Da half auch der Vorstoß von Johannes Dill nichts. Der Sozialdemokrat stellte mit Blick auf die lange Tagesordnung den Antrag, diesen Vortrag auf die nächste Sitzung zu verschieben - vergebens. "Ich will das sauber erledigen", formulierte Stier überdeutlich seine Reaktion auf die Beschwerde. Mit den Stimmen von CSU und JWG billigte eine Mehrheit diese Vorgehensweise. Dabei errechnete Stier, dass allein für die Schule während der Zeiten des hohen Ölpreises bis zu 130 000 Euro für Heizöl im Jahr ausgegeben worden sei. Vor vier Jahren sei deshalb die Entscheidung für das eigene Heizkraftwerk gefallen. Für die Wärmelieferung fallen aktuell ein Grundpreis von 50 000 Euro im Jahr sowie ein Arbeitspreis von 2 Cent je Wärmeeinheit an.
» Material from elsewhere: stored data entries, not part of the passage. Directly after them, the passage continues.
lemma ex_card_less_elems_eq:
  fixes B :: "'a::linorder set"
  assumes "finite B" "i < card B"
  shows "\<exists>p\<in>B. card {b \<in> B. b < p} = i"
proof -
  let ?rank = "\<lambda>p. card {b \<in> B. b < p}"
  have "strict_mono_on B ?rank"
    by (rule strict_mono_onI) (use card_less_elems_strict_mono[OF assms(1)] in blast)
  then have "inj_on ?rank B" by (rule strict_mono_on_imp_inj_on)
  then have "card (?rank ` B) = card {..<card B}" by (simp add: card_image)
  moreover have "?rank ` B \<subseteq> {..<card B}" using card_less_elems_less_card assms(1) by auto
  ultimately have "?rank ` B = {..<card B}" by (simp add: card_subset_eq)
  then have "i \<in> ?rank ` B" using assms(2) by simp
  then show ?thesis by blast
qed

context
  fixes A B :: "nat set" and n m :: nat
  assumes part: "A \<inter> B = {}" "A \<union> B = {1..n + m}" and card_A: "card A = n"
begin

private lemma card_B: "card B = m" and finite_AB: "finite A" "finite B"
proof -
  have "finite (A \<union> B)" using part(2) by simp
  then show "finite A" "finite B" by simp_all
  then show "card B = m" using card_Un_disjoint[of A B] part card_A by simp
qed

lemma interleave_index_bounds:
  assumes "k \<in> {1..n + m}"
  shows "k \<in> A \<Longrightarrow> card {a \<in> A. a < k} < n" and "k \<notin> A \<Longrightarrow> k \<in> B \<and> card {b \<in> B. b < k} < m"
proof -
  show "card {a \<in> A. a < k} < n" if "k \<in> A"
    using card_less_elems_less_card[OF finite_AB(1) that] card_A by simp
  show "k \<in> B \<and> card {b \<in> B. b < k} < m" if "k \<notin> A"
  proof -
    have "k \<in> B" using that assms part(2) by auto
    then show ?thesis using card_less_elems_less_card[OF finite_AB(2)] card_B by simp
  qed
qed

lemma map_interleave:
  assumes "length us = n" "length ws = m"
  shows "map f (map (interleave A B us ws) [1..<n + m + 1])
       = map (interleave A B (map f us) (map f ws)) [1..<n + m + 1]"
proof -
  have "f (interleave A B us ws k) = interleave A B (map f us) (map f ws) k" if "k \<in> {1..n + m}" for k
    using interleave_index_bounds[OF that] assms by (cases "k \<in> A") (simp_all add: interleave_def)
  then show ?thesis by (simp del: upt_Suc)
qed

lemma interleave_less:
  fixes us ws ws' :: "'a::linorder list"
  assumes len: "length ws = m" "length ws' = m" and less: "ws < ws'"
  shows "map (interleave A B us ws) [1..<n + m + 1] < map (interleave A B us ws') [1..<n + m + 1]"
proof -
  obtain i where i: "i < m" "\<forall>j<i. ws ! j = ws' ! j" "ws ! i < ws' ! i"
    using less len list_less_iff_nth[of ws ws'] by auto
  obtain p where p: "p \<in> B" "card {b \<in> B. b < p} = i"
    using ex_card_less_elems_eq[of B i] i(1) card_B finite_AB by auto
  have "p \<in> {1..n + m}" "p \<notin> A" using p part by auto
  have same: "interleave A B us ws k = interleave A B us ws' k" if "k \<in> {1..n + m}" "k < p" for k
  proof (cases "k \<in> A")
    case False
    then have "k \<in> B" using that part by auto
    then have "card {b \<in> B. b < k} < i"
      using card_less_elems_strict_mono[OF finite_AB(2)] that(2) p(2) by blast
    then show ?thesis using False i(2) by (simp add: interleave_def)
  qed (simp add: interleave_def)
  define L L' where "L = map (interleave A B us ws) [1..<n + m + 1]"
    and "L' = map (interleave A B us ws') [1..<n + m + 1]"
  have nth: "L ! j = interleave A B us ws (Suc j)" "L' ! j = interleave A B us ws' (Suc j)"
    if "j < n + m" for j
    using that by (simp_all add: L_def L'_def del: upt_Suc)
  have "\<exists>j<length L. (\<forall>j'<j. L ! j' = L' ! j') \<and> L ! j < L' ! j"
  proof (intro exI conjI allI impI)
    show "p - 1 < length L" using \<open>p \<in> {1..n + m}\<close> by (auto simp: L_def)
    show "L ! j = L' ! j" if "j < p - 1" for j
    proof -
      have "j < n + m" "Suc j \<in> {1..n + m}" "Suc j < p" using that \<open>p \<in> {1..n + m}\<close> by auto
      then show ?thesis using same nth by simp
    qed
    show "L ! (p - 1) < L' ! (p - 1)"
    proof -
      have "p - 1 < n + m" "Suc (p - 1) = p" using \<open>p \<in> {1..n + m}\<close> by auto
      then show ?thesis using nth \<open>p \<notin> A\<close> p(2) i(3) by (simp add: interleave_def)
    qed
  qed
  then show ?thesis using list_less_iff_nth[of L L'] by (simp add: L_def L'_def del: upt_Suc)
qed

end

section \<open>Linear extension of maps on basis monomials\<close>

definition lift_coeff :: "(key \<Rightarrow> (int \<times> key) option) \<Rightarrow> key \<Rightarrow> key \<Rightarrow> 'k::comm_ring_1" where
  "lift_coeff F x z = (case F x of None \<Rightarrow> 0 | Some (c, w) \<Rightarrow> if w = z then of_int c else 0)"

definition lift_unary :: "(key \<Rightarrow> (int \<times> key) option) \<Rightarrow> (key \<Rightarrow> 'k::comm_ring_1) \<Rightarrow> (key \<Rightarrow> 'k)" where
  "lift_unary F f = (\<lambda>z. \<Sum>x\<in>supp f. lift_coeff F x z * f x)"

lemma supp_monomial: "c \<noteq> 0 \<Longrightarrow> supp (monomial x c) = {x}"
  by (auto simp: supp_def monomial_def)

lemma supp_lincomb_subset: "supp (\<lambda>z. \<Sum>q\<in>Q. c q * q z) \<subseteq> \<Union> (supp ` Q)"
  by (auto simp: supp_def intro: ccontr elim!: sum.not_neutral_contains_not_neutral)

lemma lift_unary_eq_sum_superset:
  assumes "finite X" "supp f \<subseteq> X"
  shows "lift_unary F f z = (\<Sum>x\<in>X. lift_coeff F x z * f x)"
  unfolding lift_unary_def
  by (rule sum.mono_neutral_left[OF assms]) (auto simp: supp_def)

lemma lift_unary_eq_zero:
  assumes "\<forall>x\<in>supp f. F x = None"
  shows "lift_unary F f = (\<lambda>_. 0)"
  unfolding lift_unary_def using assms by (intro ext sum.neutral) (simp add: lift_coeff_def)

lemma lift_unary_monomial: "c \<noteq> 0 \<Longrightarrow> lift_unary F (monomial x c) = (\<lambda>z. lift_coeff F x z * c)"
  by (simp add: lift_unary_def supp_monomial, simp add: monomial_def)

lemma lift_unary_sum:
  assumes "finite Q" "\<forall>q\<in>Q. finite (supp q)"
  shows "lift_unary F (\<lambda>z. \<Sum>q\<in>Q. c q * q z) z = (\<Sum>q\<in>Q. c q * lift_unary F q z)"
proof -
  define X where "X = \<Union> (supp ` Q)"
  have X: "finite X" "\<forall>q\<in>Q. supp q \<subseteq> X" using assms by (auto simp: X_def)
  have "supp (\<lambda>z. \<Sum>q\<in>Q. c q * q z) \<subseteq> X" unfolding X_def by (rule supp_lincomb_subset)
  then have "lift_unary F (\<lambda>z. \<Sum>q\<in>Q. c q * q z) z = (\<Sum>x\<in>X. lift_coeff F x z * (\<Sum>q\<in>Q. c q * q x))"
    by (rule lift_unary_eq_sum_superset[OF X(1)])
  also have "\<dots> = (\<Sum>q\<in>Q. c q * (\<Sum>x\<in>X. lift_coeff F x z * q x))"
    unfolding sum_distrib_left by (subst sum.swap) (simp add: mult.left_commute)
  also have "\<dots> = (\<Sum>q\<in>Q. c q * lift_unary F q z)"
    using X(2) by (intro sum.cong refl) (simp add: lift_unary_eq_sum_superset[OF X(1)])
  finally show ?thesis .
qed

lemma lift_eq_sum_right: "lift F f h z = (\<Sum>y\<in>supp h. h y * lift_unary (\<lambda>x. F x y) f z)"
proof -
  have "lift F f h z = (\<Sum>x\<in>supp f. \<Sum>y\<in>supp h. h y * (lift_coeff (\<lambda>x. F x y) x z * f x))"
    unfolding lift_def lift_coeff_def
    by (intro sum.cong refl) (auto split: option.split)
  also have "\<dots> = (\<Sum>y\<in>supp h. h y * lift_unary (\<lambda>x. F x y) f z)"
    by (subst sum.swap) (simp add: lift_unary_def sum_distrib_left)
  finally show ?thesis .
qed

lemma lift_eq_sum_left: "lift F h f z = (\<Sum>y\<in>supp h. h y * lift_unary (F y) f z)"
  unfolding lift_def lift_unary_def lift_coeff_def sum_distrib_left
  by (intro sum.cong refl) (auto split: option.split)

lemma trivial_ring_eq_zero: "(1::'k::comm_ring_1) = 0 \<Longrightarrow> a = (0::'k)"
  by (metis mult_1 mult_zero_left)

lemma lift_monomial_one_right:
  fixes f :: "key \<Rightarrow> 'k::comm_ring_1"
  shows "lift F f (monomial y 1) = lift_unary (\<lambda>x. F x y) f"
proof (cases "(1::'k) = 0")
  case True
  then show ?thesis by (intro ext) (metis trivial_ring_eq_zero)
next
  case False
  have "monomial y 1 y = (1::'k)" by (simp add: monomial_def)
  then show ?thesis by (intro ext) (simp add: lift_eq_sum_right supp_monomial[OF False])
qed

lemma lift_monomial_one_left:
  fixes f :: "key \<Rightarrow> 'k::comm_ring_1"
  shows "lift F (monomial y 1) f = lift_unary (F y) f"
proof (cases "(1::'k) = 0")
  case True
  then show ?thesis by (intro ext) (metis trivial_ring_eq_zero)
next
  case False
  have "monomial y 1 y = (1::'k)" by (simp add: monomial_def)
  then show ?thesis by (intro ext) (simp add: lift_eq_sum_left supp_monomial[OF False])
qed

section \<open>Leading monomials\<close>

lemma valid_key_nth:
  assumes "valid_key M x" "i < length (snd x)"
  shows "snd x ! i \<subseteq> {1..M * fst x}" "card (snd x ! i) = fst x" "finite (snd x ! i)"
proof -
  have "snd x ! i \<in> set (snd x)" using assms(2) by simp
  then show sub: "snd x ! i \<subseteq> {1..M * fst x}" and "card (snd x ! i) = fst x"
    using assms(1) unfolding valid_key_def by blast+
  show "finite (snd x ! i)" using finite_subset[OF sub] by simp
qed

lemma Pdn_supp_keyD:
  assumes "f \<in> Pdn M d n" "x \<in> supp f"
  shows "valid_key M x" "fst x = d" "length (snd x) = n"
  using assms by (auto simp: Pdn_def PM_def bideg_def)

lemma finite_supp_PM: "f \<in> PM M \<Longrightarrow> finite (supp f)"
  by (simp add: PM_def)

lemma inj_on_key_rep: "inj_on key_rep {x. valid_key M x \<and> fst x = d}"
proof
  fix x y assume x: "x \<in> {x. valid_key M x \<and> fst x = d}" and y: "y \<in> {x. valid_key M x \<and> fst x = d}"
    and eq: "key_rep x = key_rep y"
  have len: "length (snd x) = length (snd y)" using arg_cong[OF eq, of length] by (simp add: key_rep_def)
  have "snd x ! i = snd y ! i" if "i < length (snd x)" for i
  proof -
    have "sorted_list_of_set (snd x ! i) = sorted_list_of_set (snd y ! i)"
      using arg_cong[OF eq, of "\<lambda>l. l ! i"] that len by (simp add: key_rep_def)
    moreover have "finite (snd x ! i)" "finite (snd y ! i)"
      using valid_key_nth(3)[of M x i] valid_key_nth(3)[of M y i] x y that len by auto
    ultimately show ?thesis by (rule sorted_list_of_set_inject)
  qed
  then have "snd x = snd y" using len by (simp add: list_eq_iff_nth_eq)
  then show "x = y" using x y by (simp add: prod_eq_iff)
qed

lemma inj_on_key_rep_supp: "f \<in> Pdn M d n \<Longrightarrow> inj_on key_rep (supp f)"
  by (rule inj_on_subset[OF inj_on_key_rep]) (auto dest: Pdn_supp_keyD)

lemma lead_key_eqI:
  assumes "f \<in> Pdn M d n" "x \<in> supp f" "\<forall>y\<in>supp f. key_rep y \<le> key_rep x"
  shows "lead_key f = x"
  unfolding lead_key_def
proof (rule the_equality)
  fix x' assume x': "x' \<in> supp f \<and> (\<forall>y\<in>supp f. key_rep y \<le> key_rep x')"
  then have "key_rep x' = key_rep x" using assms(2,3) by (simp add: order_antisym)
  then show "x' = x" using inj_on_key_rep_supp[OF assms(1)] x' assms(2) by (simp add: inj_on_eq_iff)
qed (use assms in blast)

lemma lead_key_greatest:
  assumes "f \<in> Pdn M d n" "f \<noteq> (\<lambda>_. 0)"
  shows "lead_key f \<in> supp f" "\<forall>y\<in>supp f. key_rep y \<le> key_rep (lead_key f)"
proof -
  have fin: "finite (key_rep ` supp f)" using assms(1) finite_supp_PM by (auto simp: Pdn_def)
  have "supp f \<noteq> {}" using assms(2) by (auto simp: supp_def)
  then have "Max (key_rep ` supp f) \<in> key_rep ` supp f" using fin by (intro Max_in) auto
  then obtain x where x: "x \<in> supp f" "key_rep x = Max (key_rep ` supp f)" by auto
  then have "lead_key f = x" using lead_key_eqI[OF assms(1) x(1)] fin by simp
  then show "lead_key f \<in> supp f" "\<forall>y\<in>supp f. key_rep y \<le> key_rep (lead_key f)"
    using x fin by simp_all
qed

lemma supp_init_subset:
  assumes "f \<in> Pdn M d n" "f \<noteq> (\<lambda>_. 0)"
  shows "supp (init f) \<subseteq> supp f"
  using lead_key_greatest(1)[OF assms] by (auto simp: init_def supp_def monomial_def)

context
  fixes F :: "key \<Rightarrow> (int \<times> key) option" and f :: "key \<Rightarrow> 'k::comm_ring_1"
    and \<phi> :: "key \<Rightarrow> key" and s :: "key \<Rightarrow> int"
  assumes fin: "finite (supp f)" and inj: "inj_on \<phi> (supp f)"
    and some: "\<forall>x\<in>supp f. F x = Some (s x, \<phi> x)" and unit: "\<forall>x\<in>supp f. s x = 1 \<or> s x = -1"
begin

lemma lift_unary_apply_image:
  assumes "x \<in> supp f"
  shows "lift_unary F f (\<phi> x) = of_int (s x) * f x"
proof -
  have "lift_unary F f (\<phi> x) = (\<Sum>x'\<in>supp f. if x' = x then of_int (s x') * f x' else 0)"
    unfolding lift_unary_def
    using some inj assms by (intro sum.cong refl) (auto simp: lift_coeff_def inj_on_eq_iff)
  then show ?thesis using fin assms by simp
qed

lemma supp_lift_unary: "supp (lift_unary F f) = \<phi> ` supp f"
proof -
  have "lift_unary F f z = 0" if "z \<notin> \<phi> ` supp f" for z
    unfolding lift_unary_def using some that by (intro sum.neutral) (auto simp: lift_coeff_def)
  moreover have "of_int (s x) * f x \<noteq> 0" if "x \<in> supp f" for x
    using unit[rule_format, OF that] that by (auto simp: supp_def)
  ultimately show ?thesis using lift_unary_apply_image by (auto simp: supp_def)
qed

end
Klare Anweisung hatte die Rechtsaufsicht auch bei den Verträgen mit der "Kommunal GmbH" gegeben. Die hätten sich in den Stadtrat gehört! "Das werden wir heute nachholen", versicherte der Bürgermeister, betonte aber, dass die Kommunal GmbH jederzeit rechtmäßig gehandelt hätte. Dabei wollte Stier gerade bei den Ankäufen von Maschinen und Geräten nicht gelten lassen, dass einige der Stadträte davon nichts gewusst hätten. Schließlich halte die Stadt den einzigen Geschäftsanteil an der Gesellschaft und die Mitglieder des Stadtrates würden den Beirat bilden. Zudem seien die Vorgänge bei der Rechnungsprüfung vorgelegen.

Hubert Häring (CFWG) monierte, dass bei den Ankäufen durch die Kommunal GmbH keine Anschaffungspreise mitgeteilt wurden. Somit sei kein Vergleich für eine Wirtschaftlichkeitsprüfung möglich gewesen. Nicht gelten lassen wollte Stier den Vorwurf, dass die Gemeinde Maschinen anmietet, die nicht gebraucht werden. Der Radlader (monatlich 1066 Euro, ohne Steuer) werde sehr wohl benötigt, etwa für den Winterdienst oder bei Baustellen.

Mehrheit stimmt zu


Über die Kommunal GmbH wurden laut Stier Maschinen und Geräte für insgesamt rund 300 000 Euro angeschafft, die dann von der Stadt angemietet werden. So etwa ein Fendt Vario (1333 Euro/Monat ohne Steuer), ein Kommunaltraktor (300 Euro/Monat ohne Steuer), der Radlader (1066 Euro/Monat ohne Steuer) oder ein T 5 Schulbus (533 Euro/Monat ohne Steuer). Für alle Mietverträge, ebenso wie für den Wärmelieferungvertrag fand Stier im Stadtrat eine Mehrheit. Fast immer lehnten SPD und CFWG, ohne Kurt Fischer, die Vereinbarungen ab. Fast geschlossen wurde nur die Anmietung der Sprechanlage für den Rathaussaal akzeptiert. Hier war allein Hubert Häring dagegen.

"Ich habe eine laute Stimme", begründete er sein Nein. "Ich hoffe, dass künftig alles transparenter entschieden wird", zog Gottfried Beer (SPD) sein Fazit.